(* Let $(G_n)$ be a tight sequence of finite connected graphs with bounded average degree (i.e. $\sup_n 2|E(G_n)|/|V(G_n)|<\infty$) such that $\lim_n |V(G_n)|^{-1}\log\tau(G_n)=h$. Let $G'_n$ be connected subgraphs of $G_n$ such that $$\lim_{n\to\infty}|V(G_n)|^{-1}\bigl|\{x\in V(G'_n):\deg_{G'_n}(x)=\deg_{G_n}(x)\}\bigr|=1.$$ Then $\lim_n |V(G'_n)|^{-1}\log\tau(G'_n)=h$.
   Context: $\tau(G)$ is the number of spanning trees of $G$. For $R>0$ and a finite graph $G$, $\nu_R(G)$ is the distribution of the number of edges in the ball of radius $R$ about a uniformly random vertex of $G$. A collection of finite graphs is tight if for each $R$ the collection of corresponding distributions $\nu_R(G)$ is tight. *)

theory Defs
  imports "HOL-Probability.Probability"
begin

definition graph :: "'a set \<Rightarrow> 'a set set \<Rightarrow> bool" where
  "graph V E \<longleftrightarrow> finite V \<and> (\<forall>e\<in>E. \<exists>x y. e = {x, y} \<and> x \<noteq> y \<and> x \<in> V \<and> y \<in> V)"

definition adj :: "'a set set \<Rightarrow> ('a \<times> 'a) set" where
  "adj E = {(x, y). {x, y} \<in> E}"

definition connected_graph :: "'a set \<Rightarrow> 'a set set \<Rightarrow> bool" where
  "connected_graph V E \<longleftrightarrow> graph V E \<and> V \<noteq> {} \<and> (\<forall>x\<in>V. \<forall>y\<in>V. (x, y) \<in> (adj E)\<^sup>*)"

definition has_cycle :: "'a set \<Rightarrow> 'a set set \<Rightarrow> bool" where
  "has_cycle V E \<longleftrightarrow> (\<exists>vs. length vs \<ge> 3 \<and> distinct vs \<and> set vs \<subseteq> V \<and>
      (\<forall>i < length vs. {vs ! i, vs ! ((i + 1) mod length vs)} \<in> E))"

definition is_spanning_tree :: "'a set \<Rightarrow> 'a set set \<Rightarrow> 'a set set \<Rightarrow> bool" where
  "is_spanning_tree V E T \<longleftrightarrow> T \<subseteq> E \<and> connected_graph V T \<and> \<not> has_cycle V T"

definition tau :: "'a set \<Rightarrow> 'a set set \<Rightarrow> nat" where
  "tau V E = card {T. is_spanning_tree V E T}"

definition degree :: "'a set set \<Rightarrow> 'a \<Rightarrow> nat" where
  "degree E x = card {e \<in> E. x \<in> e}"

definition subgraph :: "'a set \<Rightarrow> 'a set set \<Rightarrow> 'a set \<Rightarrow> 'a set set \<Rightarrow> bool" where
  "subgraph V' E' V E \<longleftrightarrow> graph V' E' \<and> V' \<subseteq> V \<and> E' \<subseteq> E"

definition gball :: "'a set \<Rightarrow> 'a set set \<Rightarrow> 'a \<Rightarrow> nat \<Rightarrow> 'a set" where
  "gball V E x R = {y \<in> V. \<exists>k \<le> R. (x, y) \<in> (adj E) ^^ k}"

definition ball_edges :: "'a set \<Rightarrow> 'a set set \<Rightarrow> 'a \<Rightarrow> nat \<Rightarrow> nat" where
  "ball_edges V E x R = card {e \<in> E. e \<subseteq> gball V E x R}"

definition nu :: "nat \<Rightarrow> 'a set \<Rightarrow> 'a set set \<Rightarrow> real measure" where
  "nu R V E = distr (measure_pmf (pmf_of_set V)) borel (\<lambda>x. real (ball_edges V E x R))"

definition tight_graphs :: "(nat \<Rightarrow> 'a set) \<Rightarrow> (nat \<Rightarrow> 'a set set) \<Rightarrow> bool" where
  "tight_graphs V E \<longleftrightarrow> (\<forall>R. tight (\<lambda>n. nu R (V n) (E n)))"

end

(*
  Let b be the number of vertices of G that do not have full degree in the subgraph G'.
  The edges of a spanning tree T of G that are missing from G' form a forest on these
  b vertices, so there are at most b of them; completing the rest of T to a spanning tree
  T' of G' changes at most 2b edges, since T' has no more edges than T. Conversely, every
  spanning tree of G' extends to one of G by adding |V(G)| - |V(G')| <= b edges. Hence
  log tau(G') and log tau(G) differ by at most the logarithm of the number of sets of at
  most 2b edges of G. For 0 < t <= 1 that number is at most t^(-2b) (1 + t)^|E(G)|, and
  with t = 2b / |V(G)| its logarithm is o(|V(G_n)|), because b_n = o(|V(G_n)|) and
  |E(G_n)| = O(|V(G_n)|). As also |V(G'_n)| / |V(G_n)| -> 1, the normalised entropies of
  G'_n converge to h.
*)

theory Submission
  imports Defs "HOL-Library.Transitive_Closure_Table"
begin

section \<open>Paths and cycles\<close>

lemma adj_sym: "(x, y) \<in> adj F \<Longrightarrow> (y, x) \<in> adj F"
  by (auto simp: adj_def insert_commute)

lemma rtrancl_adj_sym: "(x, y) \<in> (adj F)\<^sup>* \<Longrightarrow> (y, x) \<in> (adj F)\<^sup>*"
  using sym_rtrancl[of "adj F"] by (auto simp: sym_def adj_sym)

lemma adj_mono: "F \<subseteq> G \<Longrightarrow> adj F \<subseteq> adj G"
  by (auto simp: adj_def)

lemma rtrancl_adj_mono: "F \<subseteq> G \<Longrightarrow> (x, y) \<in> (adj F)\<^sup>* \<Longrightarrow> (x, y) \<in> (adj G)\<^sup>*"
  using rtrancl_mono[OF adj_mono] by blast

lemma rtrancl_adj_insert_iff:
  "(x, y) \<in> (adj (insert {a, b} F))\<^sup>* \<longleftrightarrow> (x, y) \<in> (adj F)\<^sup>* \<or>
     (((x, a) \<in> (adj F)\<^sup>* \<or> (x, b) \<in> (adj F)\<^sup>*) \<and> ((a, y) \<in> (adj F)\<^sup>* \<or> (b, y) \<in> (adj F)\<^sup>*))"
    (is "?path \<longleftrightarrow> ?split")
proof
  have adj_insert: "adj (insert {a, b} F) = adj F \<union> {(a, b), (b, a)}"
    by (auto simp: adj_def doubleton_eq_iff)
  show "?path \<Longrightarrow> ?split"
  proof (induction rule: rtrancl_induct)
    case (step y z)
    then show ?case
      unfolding adj_insert by (auto intro: rtrancl_into_rtrancl)
  qed simp
next
  define C where "C = (adj (insert {a, b} F))\<^sup>*"
  have from_F: "(u, v) \<in> C" if "(u, v) \<in> (adj F)\<^sup>*" for u v
    using that rtrancl_adj_mono[of F "insert {a, b} F"] unfolding C_def by blast
  have "(a, b) \<in> C" "(b, a) \<in> C"
    unfolding C_def by (auto simp: adj_def insert_commute)
  moreover have trans: "(u, w) \<in> C" if "(u, v) \<in> C" "(v, w) \<in> C" for u v w
    using that unfolding C_def by (rule rtrancl_trans)
  ultimately show "?split \<Longrightarrow> ?path"
    unfolding C_def[symmetric] by (elim disjE conjE) (meson from_F trans)+
qed

lemma has_cycle_mono: "has_cycle U F \<Longrightarrow> U \<subseteq> W \<Longrightarrow> F \<subseteq> G \<Longrightarrow> has_cycle W G"
  unfolding has_cycle_def by blast

lemma has_cycle_graph:
  assumes "has_cycle U F" and "graph W F"
  shows "has_cycle W F"
proof -
  obtain vs where vs: "length vs \<ge> 3" "distinct vs"
    and edge: "\<forall>i < length vs. {vs ! i, vs ! ((i + 1) mod length vs)} \<in> F"
    using assms(1) unfolding has_cycle_def by blast
  have "vs ! i \<in> W" if "i < length vs" for i
    using edge that assms(2) by (force simp: graph_def doubleton_eq_iff)
  then have "set vs \<subseteq> W" by (auto simp: in_set_conv_nth)
  with vs edge show ?thesis unfolding has_cycle_def by blast
qed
◆ ◆ ◆
# Task to complete
All lines in the data above from the one with "normalised entropies of" through the one with "y) \<in> adj" must be repeated exactly, and no others.

# Reply to the task
  |E(G_n)| = O(|V(G_n)|). As also |V(G'_n)| / |V(G_n)| -> 1, the normalised entropies of
  G'_n converge to h.
*)

theory Submission
  imports Defs "HOL-Library.Transitive_Closure_Table"
begin

section \<open>Paths and cycles\<close>

lemma adj_sym: "(x, y) \<in> adj F \<Longrightarrow> (y, x) \<in> adj F"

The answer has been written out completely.